» What is being asked: What is the number of lines in the data that hold the string "longlonglongrightarrow"? Reply with that number only.

Stored data entries:
====

(* Let $\Omega$ be a Polish space, $m$ a finite positive Borel measure on $\Omega$ and $f$ an entropy function. Then the internal energy $H_{f,m}\colon\mathcal M(\Omega)\to\mathbb R\cup\{+\infty\}$ is totally substitutable.
   Context: An entropy function is a proper, convex, lower semicontinuous $f\colon[0,\infty)\to[0,\infty]$ with $f(s)/s\to+\infty$ as $s\to\infty$. $\mathcal M(\Omega)$ is the Banach lattice of finite signed Borel measures (setwise order, total variation norm). $H_{f,m}(\mu)=\int_\Omega f(d\mu/dm)\,dm$ if $\mu$ is positive and absolutely continuous w.r.t. $m$, and $+\infty$ otherwise (if $m=0$, $H_{f,0}(\mu)=0$ for $\mu=0$ and $+\infty$ otherwise). On a Banach lattice $Y$, $[a,b]=\{y:a\leq y\leq b\}$; $H\colon Y\to\mathbb R\cup\{+\infty\}$ is totally substitutable if for all $\mu_1,\mu_2\in Y$ and all $\mu_1',\mu_2'\in[\mu_1\wedge\mu_2,\mu_1\vee\mu_2]$ with $\mu_1'+\mu_2'=\mu_1+\mu_2$ one has $H(\mu_1')+H(\mu_2')\leq H(\mu_1)+H(\mu_2)$. *)

theory Defs
  imports "HOL-Analysis.Analysis"
begin

text \<open>Finite signed Borel measures on a Polish space, represented as real-valued
  set functions that are countably additive on the Borel sets (values on
  non-Borel sets are irrelevant: all comparisons below are on Borel sets).\<close>

definition finite_signed_measure :: "('a::topological_space set \<Rightarrow> real) \<Rightarrow> bool" where
  "finite_signed_measure \<mu> \<longleftrightarrow>
     \<mu> {} = 0 \<and>
     (\<forall>A::nat \<Rightarrow> 'a set. range A \<subseteq> sets borel \<longrightarrow> disjoint_family A \<longrightarrow>
        (\<lambda>n. \<mu> (A n)) sums \<mu> (\<Union>n. A n))"

definition sm_le :: "('a::topological_space set \<Rightarrow> real) \<Rightarrow> ('a set \<Rightarrow> real) \<Rightarrow> bool" where
  "sm_le \<mu> \<nu> \<longleftrightarrow> (\<forall>A\<in>sets borel. \<mu> A \<le> \<nu> A)"

definition sm_inf :: "('a::topological_space set \<Rightarrow> real) \<Rightarrow> ('a set \<Rightarrow> real) \<Rightarrow> 'a set \<Rightarrow> real" where
  "sm_inf \<mu> \<nu> A = Inf {\<mu> B + \<nu> (A - B) | B. B \<in> sets borel \<and> B \<subseteq> A}"

definition sm_sup :: "('a::topological_space set \<Rightarrow> real) \<Rightarrow> ('a set \<Rightarrow> real) \<Rightarrow> 'a set \<Rightarrow> real" where
  "sm_sup \<mu> \<nu> A = Sup {\<mu> B + \<nu> (A - B) | B. B \<in> sets borel \<and> B \<subseteq> A}"

definition sm_measure :: "('a::topological_space set \<Rightarrow> real) \<Rightarrow> 'a measure" where
  "sm_measure \<mu> = measure_of UNIV (sets borel) (\<lambda>A. ennreal (\<mu> A))"

text \<open>Entropy function f : [0,\<infinity>) \<rightarrow> [0,\<infinity>]: proper, convex, lower semicontinuous,
  superlinear. Values of f on negative reals are irrelevant.\<close>
definition entropy_function :: "(real \<Rightarrow> ereal) \<Rightarrow> bool" where
  "entropy_function f \<longleftrightarrow>
     (\<forall>s\<ge>0. 0 \<le> f s) \<and>
     (\<exists>s\<ge>0. f s < \<infinity>) \<and>
     (\<forall>x\<ge>0. \<forall>y\<ge>0. \<forall>t\<in>{0..1}.
        f ((1 - t) * x + t * y) \<le> ereal (1 - t) * f x + ereal t * f y) \<and>
     (\<forall>s\<ge>0. \<forall>X::nat \<Rightarrow> real. (\<forall>n. 0 \<le> X n) \<longrightarrow> X \<longlonglongrightarrow> s \<longrightarrow>
        f s \<le> liminf (\<lambda>n. f (X n))) \<and>
     ((\<lambda>s. f s / ereal s) \<longlongrightarrow> \<infinity>) at_top"

definition H_fm :: "(real \<Rightarrow> ereal) \<Rightarrow> 'a::topological_space measure \<Rightarrow> ('a set \<Rightarrow> real) \<Rightarrow> ereal" where
  "H_fm f m \<mu> =
     (if (\<forall>A\<in>sets borel. 0 \<le> \<mu> A) \<and> (\<forall>A\<in>sets borel. emeasure m A = 0 \<longrightarrow> \<mu> A = 0)
      then enn2ereal (\<integral>\<^sup>+ x. e2ennreal (f (enn2real (RN_deriv m (sm_measure \<mu>) x))) \<partial>m)
      else \<infinity>)"

definition totally_substitutable :: "(('a::topological_space set \<Rightarrow> real) \<Rightarrow> ereal) \<Rightarrow> bool" where
  "totally_substitutable H \<longleftrightarrow>
     (\<forall>\<mu>1 \<mu>2 \<mu>1' \<mu>2'.
        finite_signed_measure \<mu>1 \<and> finite_signed_measure \<mu>2 \<and>
        finite_signed_measure \<mu>1' \<and> finite_signed_measure \<mu>2' \<and>
        sm_le (sm_inf \<mu>1 \<mu>2) \<mu>1' \<and> sm_le \<mu>1' (sm_sup \<mu>1 \<mu>2) \<and>
        sm_le (sm_inf \<mu>1 \<mu>2) \<mu>2' \<and> sm_le \<mu>2' (sm_sup \<mu>1 \<mu>2) \<and>
        (\<forall>A\<in>sets borel. \<mu>1' A + \<mu>2' A = \<mu>1 A + \<mu>2 A)
      \<longrightarrow> H \<mu>1' + H \<mu>2' \<le> H \<mu>1 + H \<mu>2)"

end

theory Submission
  imports Defs
begin

(* Let mu1, mu2 be nonnegative and absolutely continuous with respect to m, with densities
   u1, u2 (otherwise H(mu1) + H(mu2) is infinite). The infimum mu1 \<and> mu2 dominates the measure
   with density min(u1, u2), and the supremum mu1 \<or> mu2 vanishes on m-null sets. Hence the
   substituted measures mu1', mu2' are again nonnegative and absolutely continuous, and their
   densities satisfy min(u1, u2) \<le> ui' and u1' + u2' = u1 + u2 almost everywhere. Pointwise,
   c + d = a + b with c, d \<ge> min(a, b) puts c and d between a and b, so convexity gives
   f(c) + f(d) \<le> f(a) + f(b); integrating this inequality proves the claim. *)

lemma entropy_function_nonneg: "entropy_function f \<Longrightarrow> 0 \<le> s \<Longrightarrow> 0 \<le> f s"
  unfolding entropy_function_def by blast

lemma entropy_function_convex:
  "entropy_function f \<Longrightarrow> 0 \<le> x \<Longrightarrow> 0 \<le> y \<Longrightarrow> t \<in> {0..1} \<Longrightarrow>
     f ((1 - t) * x + t * y) \<le> ereal (1 - t) * f x + ereal t * f y"
  unfolding entropy_function_def by blast

text \<open>The clamp \<open>max 0\<close> is needed since \<open>f\<close> is unconstrained on negative reals.\<close>

lemma borel_measurable_entropy_function:
  assumes "entropy_function f"
  shows "(\<lambda>s. f (max 0 s)) \<in> borel_measurable borel"
proof (rule borel_measurableI_le)
  fix c :: ereal
  have "closed {s. f (max 0 s) \<le> c}"
    unfolding closed_sequential_limits
  proof (intro allI impI, elim conjE)
    fix X l assume X: "\<forall>n. X n \<in> {s. f (max 0 s) \<le> c}" and lim: "X \<longlonglongrightarrow> l"
    have "(\<lambda>n. max 0 (X n)) \<longlonglongrightarrow> max 0 l"
      using lim by (intro tendsto_max) auto
    then have "f (max 0 l) \<le> liminf (\<lambda>n. f (max 0 (X n)))"
      using assms unfolding entropy_function_def by simp
    also have "\<dots> \<le> limsup (\<lambda>n. f (max 0 (X n)))"
      by (rule Liminf_le_Limsup) simp
    also have "\<dots> \<le> c"
      using X by (intro Limsup_bounded) auto
    finally show "l \<in> {s. f (max 0 s) \<le> c}" by simp
  qed
  then show "{s \<in> space borel. f (max 0 s) \<le> c} \<in> sets borel"
    by (simp add: borel_closed)
qed

lemma borel_measurable_entropy_integrand:
  assumes "entropy_function f" and "u \<in> borel_measurable M"
  shows "(\<lambda>x. e2ennreal (f (enn2real (u x)))) \<in> borel_measurable M"
proof -
  have "(\<lambda>x. e2ennreal (f (max 0 (enn2real (u x))))) \<in> borel_measurable M"
    using measurable_compose[OF _ borel_measurable_entropy_function[OF assms(1)]] assms(2)
    by measurable
  then show ?thesis by simp
qed

lemma entropy_function_exchange:
  fixes a b c d :: real
  assumes f: "entropy_function f"
    and "0 \<le> a" "a \<le> b" "a \<le> c" "a \<le> d" and sum: "c + d = a + b"
  shows "f c + f d \<le> f a + f b"
proof (cases "a = b")
  case True
  then have "c = a" "d = a" using assms by auto
  then show ?thesis using True by simp
next
  case False
  define t where "t = (c - a) / (b - a)"
  have t: "t \<in> {0..1}" "1 - t \<in> {0..1}"
    using assms False unfolding t_def by (auto simp: field_simps)
  have "t * (b - a) = c - a"
    using False unfolding t_def by simp
  then have c: "c = (1 - t) * a + t * b" and d: "d = (1 - (1 - t)) * a + (1 - t) * b"
    using sum by (auto simp: algebra_simps)
  show ?thesis
  proof (cases "f a = \<infinity> \<or> f b = \<infinity>")
    case True
    then show ?thesis
      using entropy_function_nonneg[OF f] assms by auto
  next
    case False
    then obtain ra rb where ra: "f a = ereal ra" and rb: "f b = ereal rb"
      using entropy_function_nonneg[OF f, of a] entropy_function_nonneg[OF f, of b] assms
      by (cases "f a"; cases "f b") auto
    have "f c + f d \<le> (ereal (1 - t) * f a + ereal t * f b) + (ereal (1 - (1 - t)) * f a + ereal (1 - t) * f b)"
      unfolding c d using assms t by (intro add_mono entropy_function_convex[OF f]) auto
    also have "\<dots> = f a + f b"
      unfolding ra rb by (simp add: algebra_simps)
    finally show ?thesis .
  qed
qed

====

» Reply: 3